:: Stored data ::
lemma card_multiples_not_multiples_ge:
  fixes c c' N :: nat
  assumes "0 < c" "0 < c'" "c dvd c'"
  shows "real N / real c - real N / real c' - 1 \<le> real (card {k\<in>{1..N}. c dvd k \<and> \<not> c' dvd k})"
proof -
  have sub: "{k\<in>{1..N}. c' dvd k} \<subseteq> {k\<in>{1..N}. c dvd k}"
    using assms(3) by (auto intro: dvd_trans)
  have "{k\<in>{1..N}. c dvd k \<and> \<not> c' dvd k} = {k\<in>{1..N}. c dvd k} - {k\<in>{1..N}. c' dvd k}"
    by auto
  then have "card {k\<in>{1..N}. c dvd k \<and> \<not> c' dvd k} = card {k\<in>{1..N}. c dvd k} - card {k\<in>{1..N}. c' dvd k}"
    using card_Diff_subset[OF _ sub] by simp
  also have "\<dots> = N div c - N div c'"
    by (simp only: card_multiples_atLeastAtMost assms(1,2))
  finally have "card {k\<in>{1..N}. c dvd k \<and> \<not> c' dvd k} = N div c - N div c'" .
  moreover have "N div c' \<le> N div c"
    using assms by (simp add: div_le_mono2 dvd_imp_le)
  moreover have "real N / real c - 1 \<le> real (N div c)"
  proof -
    have "real (N mod c) / real c \<le> 1" using assms(1) by (simp add: divide_le_eq)
    then show ?thesis using of_nat_of_nat_div_aux[of N c, where 'a = real] by linarith
  qed
  moreover have "real (N div c') \<le> real N / real c'" by (rule of_nat_div_le_of_nat)
  ultimately show ?thesis by (simp add: of_nat_diff)
qed

lemma density_ratio_exponents_in_le:
  assumes "e \<ge> 1" "e \<notin> E" "N \<ge> 1"
  shows "density_ratio (exponents_in E) N \<le> 1 - 1 / 2 ^ Suc e + 1 / real N"
proof -
  let ?I = "{1..N}"
  define W where "W = {k\<in>?I. 2 ^ e dvd k \<and> \<not> 2 ^ Suc e dvd k}"
  have "W \<subseteq> ?I - exponents_in E"
  proof
    fix k assume "k \<in> W"
    then have "k \<in> ?I" "multiplicity 2 k = e"
      by (auto simp: W_def multiplicity_eq_iff_exact_power_dvd simp del: power_Suc)
    with assms(1,2) show "k \<in> ?I - exponents_in E"
      by (auto simp: mem_exponents_in_iff intro!: exI[of _ 2])
  qed
  then have "exponents_in E \<inter> ?I \<subseteq> ?I - W" by auto
  then have "card (exponents_in E \<inter> ?I) \<le> card (?I - W)" by (intro card_mono) auto
  also have "\<dots> = N - card W"
    using \<open>W \<subseteq> ?I - exponents_in E\<close> by (subst card_Diff_subset) (auto intro: finite_subset)
  finally have "real (card (exponents_in E \<inter> ?I)) \<le> real (N - card W)"
    by (simp only: of_nat_le_iff)
  also have "\<dots> = real N - real (card W)"
    using card_mono[of ?I W] \<open>W \<subseteq> ?I - exponents_in E\<close> by (intro of_nat_diff) auto
  finally have "real (card (exponents_in E \<inter> ?I)) \<le> real N - real (card W)" .
  moreover have "real N / 2 ^ Suc e - 1 \<le> real (card W)"
  proof -
    have "(2::nat) ^ e dvd 2 ^ Suc e" by (rule le_imp_power_dvd) simp
    from card_multiples_not_multiples_ge[OF _ _ this, of N]
    have "real N / real (2 ^ e) - real N / real (2 ^ Suc e) - 1 \<le> real (card W)"
      unfolding W_def by simp
    moreover have "real N / real (2 ^ e) - real N / real (2 ^ Suc e) = real N / 2 ^ Suc e"
      by (simp add: field_simps)
    ultimately show ?thesis by linarith
  qed
  ultimately have "real (card (exponents_in E \<inter> ?I)) \<le> real N - real N / 2 ^ Suc e + 1"
    by linarith
  then have "density_ratio (exponents_in E) N \<le> (real N - real N / 2 ^ Suc e + 1) / real N"
    unfolding density_ratio_def by (rule divide_right_mono) simp
  also have "\<dots> = 1 - 1 / 2 ^ Suc e + 1 / real N"
    using assms(3) by (simp add: field_simps)
  finally show ?thesis .
qed

lemma has_density_le_1: "has_density A d \<Longrightarrow> d \<le> 1"
  unfolding has_density_iff_density_ratio
  by (rule LIMSEQ_le_const2) (auto intro: density_ratio_le_1)

lemma convergent_density_ratio_S:
  assumes "n \<ge> 1"
  shows "convergent (density_ratio (S n))"
proof (cases "n = 1")
  case True
  then show ?thesis using has_density_A3 by (auto simp: has_density_iff_density_ratio convergent_def)
next
  case False
  then obtain m where m: "n = Suc m" "m \<ge> 1" using assms by (cases n) auto
  then show ?thesis
    using S_Suc[OF m(2)] convergent_density_ratio_exponents_in[OF one_mem_S[OF m(2)]] by simp
qed

lemma density_S_ge:
  assumes "has_density (S (n + 3)) d"
  shows "1 - (1 / 2) ^ n \<le> d"
proof (rule LIMSEQ_le_const)
  show "density_ratio (S (n + 3)) \<longlonglongrightarrow> d"
    using assms by (simp add: has_density_iff_density_ratio)
  have S: "S (n + 3) = exponents_in (S (Suc (Suc n)))"
    by (simp add: numeral_3_eq_3 S_Suc del: S.simps)
  have "1 - (1 / 2) ^ n \<le> density_ratio (S (n + 3)) N" if "N \<ge> 1" for N
    using density_ratio_exponents_in_ge[OF atLeastAtMost_subset_S[of "Suc n"] _ that]
    unfolding S by (simp add: power_one_over)
  then show "\<exists>N0. \<forall>N\<ge>N0. 1 - (1 / 2) ^ n \<le> density_ratio (S (n + 3)) N" by blast
qed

:: AIM OF THE EXERCISE ::
Start with the line above that contains "then show ?thesis using has_density_A3" and end with the line that contains "using assms by (simp add: has_density_iff_density_ratio)". Write out those lines exactly, and only those.

:: RESULT OF THE EXERCISE ::
  then show ?thesis using has_density_A3 by (auto simp: has_density_iff_density_ratio convergent_def)
next
  case False
  then obtain m where m: "n = Suc m" "m \<ge> 1" using assms by (cases n) auto
  then show ?thesis
    using S_Suc[OF m(2)] convergent_density_ratio_exponents_in[OF one_mem_S[OF m(2)]] by simp
qed

lemma density_S_ge:
  assumes "has_density (S (n + 3)) d"
  shows "1 - (1 / 2) ^ n \<le> d"
proof (rule LIMSEQ_le_const)
  show "density_ratio (S (n + 3)) \<longlonglongrightarrow> d"
    using assms by (simp add: has_density_iff_density_ratio)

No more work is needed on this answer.